(What you should do): Copy nothing but the lines below running from the line containing "q) \<in> (fence_cover" through the line containing "(* q covers", both end lines included.
━━━━━━━━━━━━━━━━━━━━
(* Let $a\ge2$, let $t\ge3$ be odd, and let $F=\breve F(a^t)$, where $a^t$ is the $t$-tuple $(a,\dots,a)$, with $n=\#F$. Then \[ \hat\chi\equiv\frac n2+a\Big(\sum_{p\text{ peak}}\chi_p-\sum_{v\text{ valley}}\chi_v\Big), \] where $\hat\chi=\sum_{q\in F}\hat\chi_q$ is the order ideal cardinality statistic.
   Context: A fence $\breve F(\alpha_1,\dots,\alpha_t)$ ($t\ge2$, positive integers, $\alpha_1,\alpha_t\ge2$) is the poset on $\{x_1,\dots,x_n\}$, $n=\alpha_1+\dots+\alpha_t-1$, with $a_i=\alpha_1+\dots+\alpha_i$, $a_0=0$, whose cover relations are: for $1\le j\le n-1$ with $a_{i-1}\le j<a_i$, $x_j\lessdot x_{j+1}$ if $i$ odd and $x_j\gtrdot x_{j+1}$ if $i$ even. The elements $x_{a_i}$, $i\in[t-1]$, are peaks (cover two elements, $i$ odd) or valleys (covered by two elements, $i$ even). $\mathcal J(F)$ is the set of order ideals. For $q\in F$, $I\in\mathcal J(F)$: $\hat\chi_q(I)=1$ if $q\in I$, else 0; $\chi_q(I)=1$ if $q\in\max(I)$, else 0; $T_q(I)=1$ if $q\in\min(F\setminus I)$, $-1$ if $q\in\max(I)$, $0$ otherwise. $f\equiv g$ means $f-g=\sum_{q\in F}c_qT_q$ for real constants $c_q$; real numbers denote constant functions. *)

theory Defs
  imports Complex_Main
begin

(* A fence F(alpha_1,...,alpha_t) is given by the list alpha.
   Its elements x_1..x_n are represented by the naturals 1..n. *)

definition fence_ps :: "nat list \<Rightarrow> nat \<Rightarrow> nat" where
  "fence_ps alpha i = sum_list (take i alpha)"

definition fence_n :: "nat list \<Rightarrow> nat" where
  "fence_n alpha = sum_list alpha - 1"

definition fence_carrier :: "nat list \<Rightarrow> nat set" where
  "fence_carrier alpha = {1..fence_n alpha}"

definition fence_seg :: "nat list \<Rightarrow> nat \<Rightarrow> nat" where
  "fence_seg alpha j = (LEAST i. j < fence_ps alpha i)"

definition fence_cover :: "nat list \<Rightarrow> (nat \<times> nat) set" where
  "fence_cover alpha =
     {(j, j+1) | j. 1 \<le> j \<and> j + 1 \<le> fence_n alpha \<and> odd (fence_seg alpha j)} \<union>
     {(j+1, j) | j. 1 \<le> j \<and> j + 1 \<le> fence_n alpha \<and> even (fence_seg alpha j)}"

definition fence_le :: "nat list \<Rightarrow> nat \<Rightarrow> nat \<Rightarrow> bool" where
  "fence_le alpha x y \<longleftrightarrow> x \<in> fence_carrier alpha \<and> y \<in> fence_carrier alpha \<and>
      (x, y) \<in> (fence_cover alpha)\<^sup>*"

definition fence_less :: "nat list \<Rightarrow> nat \<Rightarrow> nat \<Rightarrow> bool" where
  "fence_less alpha x y \<longleftrightarrow> fence_le alpha x y \<and> x \<noteq> y"

definition fence_peaks :: "nat list \<Rightarrow> nat set" where
  "fence_peaks alpha = {fence_ps alpha i | i. 1 \<le> i \<and> i \<le> length alpha - 1 \<and> odd i}"

definition fence_valleys :: "nat list \<Rightarrow> nat set" where
  "fence_valleys alpha = {fence_ps alpha i | i. 1 \<le> i \<and> i \<le> length alpha - 1 \<and> even i}"

definition order_ideals :: "nat list \<Rightarrow> nat set set" where
  "order_ideals alpha = {I. I \<subseteq> fence_carrier alpha \<and>
      (\<forall>x y. y \<in> I \<longrightarrow> fence_le alpha x y \<longrightarrow> x \<in> I)}"

definition in_max :: "nat list \<Rightarrow> nat set \<Rightarrow> nat \<Rightarrow> bool" where
  "in_max alpha I q \<longleftrightarrow> q \<in> I \<and> \<not> (\<exists>y\<in>I. fence_less alpha q y)"

definition in_min_compl :: "nat list \<Rightarrow> nat set \<Rightarrow> nat \<Rightarrow> bool" where
  "in_min_compl alpha I q \<longleftrightarrow> q \<in> fence_carrier alpha - I \<and>
      \<not> (\<exists>y\<in>fence_carrier alpha - I. fence_less alpha y q)"

definition chi_hat :: "nat \<Rightarrow> nat set \<Rightarrow> real" where
  "chi_hat q I = (if q \<in> I then 1 else 0)"

definition chi :: "nat list \<Rightarrow> nat \<Rightarrow> nat set \<Rightarrow> real" where
  "chi alpha q I = (if in_max alpha I q then 1 else 0)"

definition toggle :: "nat list \<Rightarrow> nat \<Rightarrow> nat set \<Rightarrow> real" where
  "toggle alpha q I = (if in_min_compl alpha I q then 1
                       else if in_max alpha I q then -1 else 0)"

definition toggle_equiv :: "nat list \<Rightarrow> (nat set \<Rightarrow> real) \<Rightarrow> (nat set \<Rightarrow> real) \<Rightarrow> bool" where
  "toggle_equiv alpha f g \<longleftrightarrow> (\<exists>c :: nat \<Rightarrow> real. \<forall>I \<in> order_ideals alpha.
      f I - g I = (\<Sum>q\<in>fence_carrier alpha. c q * toggle alpha q I))"

end

theory Submission
  imports Defs
begin

(* Write Y(j) for the indicator of x_j in the ideal I, with Y(0) = 1 and Y(n+1) = 0. In F(a^t)
   every element that is neither a peak nor a valley lies in the middle of a chain
   x_(q-1), x_q, x_(q+1), so its toggleability is the second difference
   Y(q-1) - 2 Y(q) + Y(q+1). Weight these by the periodic parabola c(q) = r(r-a)/2, r = q mod a:
   it vanishes at peaks and valleys and its second difference is 1 off them and 1 - a on them,
   so summation by parts turns the sum of c(q) T_q into the sum of all Y(q), minus a times the
   Y's of the peaks and valleys, plus the boundary term (1-a)/2. A peak p is maximal in F, so
   chi_p = Y(p); a valley v is minimal, so T_v = 1 - Y(v) - chi_v. Subtracting a times the
   sum of the T_v therefore trades the remaining Y's for the chi's and leaves the constant n/2. *)

lemma fence_cover_in_carrier:
  assumes "(x, y) \<in> fence_cover alpha"
  shows "x \<in> fence_carrier alpha" and "y \<in> fence_carrier alpha"
  using assms unfolding fence_cover_def fence_carrier_def by auto

lemma fence_less_of_cover:
  assumes "(x, y) \<in> fence_cover alpha"
  shows "fence_less alpha x y"
  using assms fence_cover_in_carrier[OF assms]
  unfolding fence_less_def fence_le_def fence_cover_def by auto

lemma order_ideal_subset_carrier: "I \<in> order_ideals alpha \<Longrightarrow> I \<subseteq> fence_carrier alpha"
  unfolding order_ideals_def by blast

lemma order_ideal_cover_closed:
  assumes "I \<in> order_ideals alpha" "(x, y) \<in> fence_cover alpha" "y \<in> I"
  shows "x \<in> I"
  using assms fence_less_of_cover[OF assms(2)]
  unfolding order_ideals_def fence_less_def by blast

lemma order_ideal_rtrancl_closed:
  assumes "I \<in> order_ideals alpha" "(x, y) \<in> (fence_cover alpha)\<^sup>*" "y \<in> I"
  shows "x \<in> I"
  using assms(2,3) by induction (use assms(1) order_ideal_cover_closed in blast)+

lemma in_max_iff_no_upper_cover:
  assumes "I \<in> order_ideals alpha"
  shows "in_max alpha I q \<longleftrightarrow> q \<in> I \<and> (\<forall>y. (q, y) \<in> fence_cover alpha \<longrightarrow> y \<notin> I)"
proof -
  have "(\<exists>y\<in>I. fence_less alpha q y) \<longleftrightarrow> (\<exists>y\<in>I. (q, y) \<in> fence_cover alpha)"
  proof
    assume "\<exists>y\<in>I. fence_less alpha q y"
    then obtain y where "y \<in> I" "(q, y) \<in> (fence_cover alpha)\<^sup>*" "q \<noteq> y"
      unfolding fence_less_def fence_le_def by blast
    then obtain z where "(q, z) \<in> fence_cover alpha" "(z, y) \<in> (fence_cover alpha)\<^sup>*"
      by (metis converse_rtranclE)
    then show "\<exists>y\<in>I. (q, y) \<in> fence_cover alpha"
      using order_ideal_rtrancl_closed[OF assms] \<open>y \<in> I\<close> by blast
  qed (use fence_less_of_cover in blast)
  then show ?thesis unfolding in_max_def by blast
qed

lemma in_min_compl_iff_lower_covers:
  assumes "I \<in> order_ideals alpha"
  shows "in_min_compl alpha I q \<longleftrightarrow>
           q \<in> fence_carrier alpha \<and> q \<notin> I \<and> (\<forall>y. (y, q) \<in> fence_cover alpha \<longrightarrow> y \<in> I)"
proof -
  have "(\<exists>y\<in>fence_carrier alpha - I. fence_less alpha y q) \<longleftrightarrow>
        (\<exists>y. (y, q) \<in> fence_cover alpha \<and> y \<notin> I)"
  proof
    assume "\<exists>y\<in>fence_carrier alpha - I. fence_less alpha y q"
    then obtain y where "y \<notin> I" "(y, q) \<in> (fence_cover alpha)\<^sup>*" "y \<noteq> q"
      unfolding fence_less_def fence_le_def by blast
    then obtain z where "(y, z) \<in> (fence_cover alpha)\<^sup>*" "(z, q) \<in> fence_cover alpha"
      by (metis rtranclE)
    then show "\<exists>y. (y, q) \<in> fence_cover alpha \<and> y \<notin> I"
      using order_ideal_rtrancl_closed[OF assms] \<open>y \<notin> I\<close> by blast
  qed (use fence_less_of_cover fence_cover_in_carrier in blast)
  then show ?thesis unfolding in_min_compl_def by blast
qed

(* Y(0) = 1 acts as a phantom bottom element below x_1. *)
definition ideal_indicator :: "nat set \<Rightarrow> nat \<Rightarrow> real" where
  "ideal_indicator I j = (if j = 0 \<or> j \<in> I then 1 else 0)"

(* q covers only lo and is covered only by hi; lo = 0 and hi outside the fence encode a missing
   cover, and ideal_indicator takes the matching values 1 and 0 there. *)
lemma toggle_chain_element:
  assumes I: "I \<in> order_ideals alpha" and q: "q \<in> fence_carrier alpha"
    and lower: "\<And>y. (y, q) \<in> fence_cover alpha \<longleftrightarrow> y = lo \<and> lo \<noteq> 0"
    and upper: "\<And>y. (q, y) \<in> fence_cover alpha \<longleftrightarrow> y = hi \<and> hi \<in> fence_carrier alpha"
    and "hi \<noteq> 0"
  shows "toggle alpha q I =
           ideal_indicator I lo - 2 * ideal_indicator I q + ideal_indicator I hi"
proof -
  have "q \<noteq> 0" using q unfolding fence_carrier_def by simp
  have lo: "q \<in> I \<Longrightarrow> lo \<noteq> 0 \<Longrightarrow> lo \<in> I"
    using order_ideal_cover_closed[OF I] lower by blast
  have hi: "hi \<in> I \<Longrightarrow> q \<in> I"
    using order_ideal_cover_closed[OF I] upper order_ideal_subset_carrier[OF I] by blast
  show ?thesis
    unfolding toggle_def in_min_compl_iff_lower_covers[OF I] in_max_iff_no_upper_cover[OF I]
      ideal_indicator_def lower upper
    using q lo hi \<open>q \<noteq> 0\<close> \<open>hi \<noteq> 0\<close> order_ideal_subset_carrier[OF I] by auto
qed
━━━━━━━━━━━━━━━━━━━━
(Solution to the problem):
    then obtain y where "y \<notin> I" "(y, q) \<in> (fence_cover alpha)\<^sup>*" "y \<noteq> q"
      unfolding fence_less_def fence_le_def by blast
    then obtain z where "(y, z) \<in> (fence_cover alpha)\<^sup>*" "(z, q) \<in> fence_cover alpha"
      by (metis rtranclE)
    then show "\<exists>y. (y, q) \<in> fence_cover alpha \<and> y \<notin> I"
      using order_ideal_rtrancl_closed[OF assms] \<open>y \<notin> I\<close> by blast
  qed (use fence_less_of_cover fence_cover_in_carrier in blast)
  then show ?thesis unfolding in_min_compl_def by blast
qed

(* Y(0) = 1 acts as a phantom bottom element below x_1. *)
definition ideal_indicator :: "nat set \<Rightarrow> nat \<Rightarrow> real" where
  "ideal_indicator I j = (if j = 0 \<or> j \<in> I then 1 else 0)"

(* q covers only lo and is covered only by hi; lo = 0 and hi outside the fence encode a missing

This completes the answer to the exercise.